### Exercise brief
Retype every record exactly as it appears.

### Records shown
=== Begin Enclosure ===

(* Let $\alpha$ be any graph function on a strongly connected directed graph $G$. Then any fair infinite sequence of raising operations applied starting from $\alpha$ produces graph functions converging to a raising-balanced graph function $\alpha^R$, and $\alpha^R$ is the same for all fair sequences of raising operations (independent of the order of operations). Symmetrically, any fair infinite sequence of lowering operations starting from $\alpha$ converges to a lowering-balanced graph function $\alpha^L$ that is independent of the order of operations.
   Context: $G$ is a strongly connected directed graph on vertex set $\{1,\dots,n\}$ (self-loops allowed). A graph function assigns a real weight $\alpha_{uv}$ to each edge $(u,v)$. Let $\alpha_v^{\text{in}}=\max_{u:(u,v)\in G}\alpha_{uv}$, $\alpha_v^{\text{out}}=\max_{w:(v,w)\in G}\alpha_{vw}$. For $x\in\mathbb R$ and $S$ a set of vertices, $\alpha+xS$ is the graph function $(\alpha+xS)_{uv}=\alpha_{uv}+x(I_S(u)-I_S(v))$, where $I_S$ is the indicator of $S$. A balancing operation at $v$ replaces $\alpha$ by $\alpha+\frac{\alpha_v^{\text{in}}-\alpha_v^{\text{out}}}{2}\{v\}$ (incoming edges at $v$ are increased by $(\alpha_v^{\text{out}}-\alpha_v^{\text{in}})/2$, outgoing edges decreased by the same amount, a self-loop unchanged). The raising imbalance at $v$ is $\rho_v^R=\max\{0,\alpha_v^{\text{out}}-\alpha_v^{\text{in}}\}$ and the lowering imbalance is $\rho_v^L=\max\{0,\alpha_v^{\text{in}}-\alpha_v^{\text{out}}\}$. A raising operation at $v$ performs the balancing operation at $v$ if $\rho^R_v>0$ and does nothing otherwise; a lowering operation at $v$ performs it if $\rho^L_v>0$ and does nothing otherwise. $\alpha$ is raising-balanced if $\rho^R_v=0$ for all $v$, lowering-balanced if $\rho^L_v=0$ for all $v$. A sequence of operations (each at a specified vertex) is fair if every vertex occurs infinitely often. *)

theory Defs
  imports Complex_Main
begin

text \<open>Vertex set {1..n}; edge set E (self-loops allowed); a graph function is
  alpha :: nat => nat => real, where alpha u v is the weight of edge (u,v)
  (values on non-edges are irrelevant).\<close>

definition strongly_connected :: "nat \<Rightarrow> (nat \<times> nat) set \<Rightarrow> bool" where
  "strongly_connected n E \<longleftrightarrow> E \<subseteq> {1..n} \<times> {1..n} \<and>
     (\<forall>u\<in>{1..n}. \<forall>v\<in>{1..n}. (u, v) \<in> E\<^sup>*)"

=== End Enclosure ===

### Task result
(* Let $\alpha$ be any graph function on a strongly connected directed graph $G$. Then any fair infinite sequence of raising operations applied starting from $\alpha$ produces graph functions converging to a raising-balanced graph function $\alpha^R$, and $\alpha^R$ is the same for all fair sequences of raising operations (independent of the order of operations). Symmetrically, any fair infinite sequence of lowering operations starting from $\alpha$ converges to a lowering-balanced graph function $\alpha^L$ that is independent of the order of operations.
   Context: $G$ is a strongly connected directed graph on vertex set $\{1,\dots,n\}$ (self-loops allowed). A graph function assigns a real weight $\alpha_{uv}$ to each edge $(u,v)$. Let $\alpha_v^{\text{in}}=\max_{u:(u,v)\in G}\alpha_{uv}$, $\alpha_v^{\text{out}}=\max_{w:(v,w)\in G}\alpha_{vw}$. For $x\in\mathbb R$ and $S$ a set of vertices, $\alpha+xS$ is the graph function $(\alpha+xS)_{uv}=\alpha_{uv}+x(I_S(u)-I_S(v))$, where $I_S$ is the indicator of $S$. A balancing operation at $v$ replaces $\alpha$ by $\alpha+\frac{\alpha_v^{\text{in}}-\alpha_v^{\text{out}}}{2}\{v\}$ (incoming edges at $v$ are increased by $(\alpha_v^{\text{out}}-\alpha_v^{\text{in}})/2$, outgoing edges decreased by the same amount, a self-loop unchanged). The raising imbalance at $v$ is $\rho_v^R=\max\{0,\alpha_v^{\text{out}}-\alpha_v^{\text{in}}\}$ and the lowering imbalance is $\rho_v^L=\max\{0,\alpha_v^{\text{in}}-\alpha_v^{\text{out}}\}$. A raising operation at $v$ performs the balancing operation at $v$ if $\rho^R_v>0$ and does nothing otherwise; a lowering operation at $v$ performs it if $\rho^L_v>0$ and does nothing otherwise. $\alpha$ is raising-balanced if $\rho^R_v=0$ for all $v$, lowering-balanced if $\rho^L_v=0$ for all $v$. A sequence of operations (each at a specified vertex) is fair if every vertex occurs infinitely often. *)

theory Defs
  imports Complex_Main
begin

text \<open>Vertex set {1..n}; edge set E (self-loops allowed); a graph function is
  alpha :: nat => nat => real, where alpha u v is the weight of edge (u,v)
  (values on non-edges are irrelevant).\<close>

definition strongly_connected :: "nat \<Rightarrow> (nat \<times> nat) set \<Rightarrow> bool" where
  "strongly_connected n E \<longleftrightarrow> E \<subseteq> {1..n} \<times> {1..n} \<and>
     (\<forall>u\<in>{1..n}. \<forall>v\<in>{1..n}. (u, v) \<in> E\<^sup>*)"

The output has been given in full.